_Activity_
Please count the lines in the data below that hold the word "with", and give only the number.

Records shown START

lemma span_convex_cone_eq_differences:
  fixes F :: "'a::euclidean_space set"
  assumes "convex F" "cone F" "F \<noteq> {}" "y \<in> span F"
  obtains a b where "a \<in> F" "b \<in> F" "y = a - b"
proof -
  let ?D = "{a - b | a b. a \<in> F \<and> b \<in> F}"
  have F0: "0 \<in> F" using assms cone_contains_0 by blast
  have add: "x + y \<in> F" if "x \<in> F" "y \<in> F" for x y using assms convex_cone_add that by blast
  have scale: "c *\<^sub>R x \<in> F" if "x \<in> F" "0 \<le> c" for x c using assms mem_cone that by blast
  have "subspace ?D"
    unfolding subspace_def
  proof (intro conjI ballI allI)
    show "0 \<in> ?D" using F0 by force
  next
    fix x y assume "x \<in> ?D" "y \<in> ?D"
    then obtain a b c d where "a \<in> F" "b \<in> F" "c \<in> F" "d \<in> F" "x = a - b" "y = c - d" by blast
    then have "x + y = (a + c) - (b + d)" "a + c \<in> F" "b + d \<in> F" using add by (auto simp: algebra_simps)
    then show "x + y \<in> ?D" by blast
  next
    fix c :: real and x assume "x \<in> ?D"
    then obtain a b where ab: "a \<in> F" "b \<in> F" "x = a - b" by blast
    consider "0 \<le> c" | "0 \<le> -c" by linarith
    then show "c *\<^sub>R x \<in> ?D"
    proof cases
      case 1
      have "c *\<^sub>R x = c *\<^sub>R a - c *\<^sub>R b" using ab by (simp add: scaleR_diff_right)
      with 1 ab scale show ?thesis by blast
    next
      case 2
      have "c *\<^sub>R x = (-c) *\<^sub>R b - (-c) *\<^sub>R a" using ab by (simp add: scaleR_diff_right)
      with 2 ab scale show ?thesis by blast
    qed
  qed
  moreover have "F \<subseteq> ?D" using F0 by force
  ultimately have "span F \<subseteq> ?D" using span_minimal by blast
  then show ?thesis using assms(4) that by blast
qed

lemma face_of_cone_Int_span:
  fixes K :: "'a::euclidean_space set"
  assumes "cone K" "F face_of K" "F \<noteq> {}"
  shows "K \<inter> span F = F"
proof (intro equalityI subsetI)
  fix y assume y: "y \<in> K \<inter> span F"
  have cF: "convex F" "cone F"
    using face_of_imp_convex[OF assms(2)] face_of_cone_imp_cone[OF assms] by auto
  obtain a b where ab: "a \<in> F" "b \<in> F" "y = a - b"
    using span_convex_cone_eq_differences[OF cF assms(3)] y by blast
  show "y \<in> F"
  proof (cases "y = b")
    case True
    then show ?thesis using ab by simp
  next
    case False
    have "(1/2) *\<^sub>R a = (1 - 1/2) *\<^sub>R y + (1/2) *\<^sub>R b" using ab by (simp add: scaleR_diff_right)
    then have "(1/2) *\<^sub>R a \<in> open_segment y b" using False unfolding in_segment
      by (intro conjI exI[of _ "1/2"]) auto
    moreover have "(1/2) *\<^sub>R a \<in> F" using mem_cone[OF cF(2) ab(1), of "1/2"] by simp
    ultimately show ?thesis
      using assms(2) y ab face_of_imp_subset[OF assms(2)] unfolding face_of_def by blast
  qed
next
  show "y \<in> K \<inter> span F" if "y \<in> F" for y
    using that face_of_imp_subset[OF assms(2)] span_base by blast
qed

lemma convex_dual_cone: "convex (dual_cone K)"
  unfolding dual_cone_def convex_def
  by (auto simp: inner_add_left intro!: add_nonneg_nonneg mult_nonneg_nonneg)

lemma closed_dual_cone: "closed (dual_cone K)"
proof -
  have "dual_cone K = (\<Inter>x\<in>K. {s. s \<bullet> x \<ge> 0})" unfolding dual_cone_def by blast
  moreover have "closed {s. s \<bullet> x \<ge> 0}" for x :: 'a
    using closed_halfspace_ge[of 0 x] by (simp add: inner_commute)
  ultimately show ?thesis by auto
qed

lemma dual_cone_antimono: "K \<subseteq> T \<Longrightarrow> dual_cone T \<subseteq> dual_cone K"
  unfolding dual_cone_def by blast

lemma subspace_perp: "subspace (perp S)"
  unfolding subspace_def perp_def by (auto simp: inner_add_left)

lemma perp_antimono: "F \<subseteq> H \<Longrightarrow> perp H \<subseteq> perp F"
  unfolding perp_def by blast

lemma perp_span: "perp (span S) = perp S"
  unfolding perp_def by (metis (mono_tags, lifting) orthogonal_def orthogonal_to_span span_base inner_commute)

lemma inner_nonneg_if_bounded_below_on_rays:
  fixes a :: "'a::real_inner"
  assumes rays: "\<And>x c. x \<in> S \<Longrightarrow> 0 < c \<Longrightarrow> c *\<^sub>R x \<in> S"
    and bound: "\<And>x. x \<in> S \<Longrightarrow> b \<le> a \<bullet> x" and x: "x \<in> S"
  shows "0 \<le> a \<bullet> x"
proof (rule ccontr)
  assume "\<not> 0 \<le> a \<bullet> x"
  define c where "c = (\<bar>b\<bar> + 1) / - (a \<bullet> x)"
  have "0 < c" using \<open>\<not> 0 \<le> a \<bullet> x\<close> unfolding c_def by (intro divide_pos_pos) auto
  moreover have "a \<bullet> (c *\<^sub>R x) = - (\<bar>b\<bar> + 1)" using \<open>\<not> 0 \<le> a \<bullet> x\<close> by (simp add: c_def)
  ultimately show False using bound[OF rays[OF x \<open>0 < c\<close>]] by linarith
qed

lemma inner_eq_0_if_bounded_below_on_subspace:
  fixes a :: "'a::real_inner"
  assumes "subspace S" "\<And>x. x \<in> S \<Longrightarrow> b \<le> a \<bullet> x" "x \<in> S"
  shows "a \<bullet> x = 0"
proof -
  have rays: "\<And>x c. x \<in> S \<Longrightarrow> 0 < c \<Longrightarrow> c *\<^sub>R x \<in> S" using assms(1) subspace_scale by blast
  have "0 \<le> a \<bullet> x" "0 \<le> a \<bullet> (-x)"
    using inner_nonneg_if_bounded_below_on_rays[OF rays assms(2)] assms(1,3) subspace_neg by blast+
  then show ?thesis by simp
qed

lemma mem_closed_convex_cone_if_dual_nonneg:
  fixes C :: "'a::euclidean_space set"
  assumes "closed C" "convex C" "cone C" "C \<noteq> {}" "\<And>a. a \<in> dual_cone C \<Longrightarrow> 0 \<le> a \<bullet> y"
  shows "y \<in> C"
proof (rule ccontr)
  assume "y \<notin> C"
  then obtain a b where ab: "a \<bullet> y < b" "\<forall>x\<in>C. a \<bullet> x > b"
    using separating_hyperplane_closed_point assms by blast
  have "0 \<in> C" using assms cone_contains_0 by blast
  then have "b < 0" using ab by force
  have "0 \<le> a \<bullet> x" if "x \<in> C" for x
    using inner_nonneg_if_bounded_below_on_rays[of C b a x] ab(2) that assms(3)
    by (meson less_imp_le mem_cone)
  then have "a \<in> dual_cone C" unfolding dual_cone_def by blast
  then show False using assms(5) ab \<open>b < 0\<close> by fastforce
qed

Records shown END

_Finished exercise_
2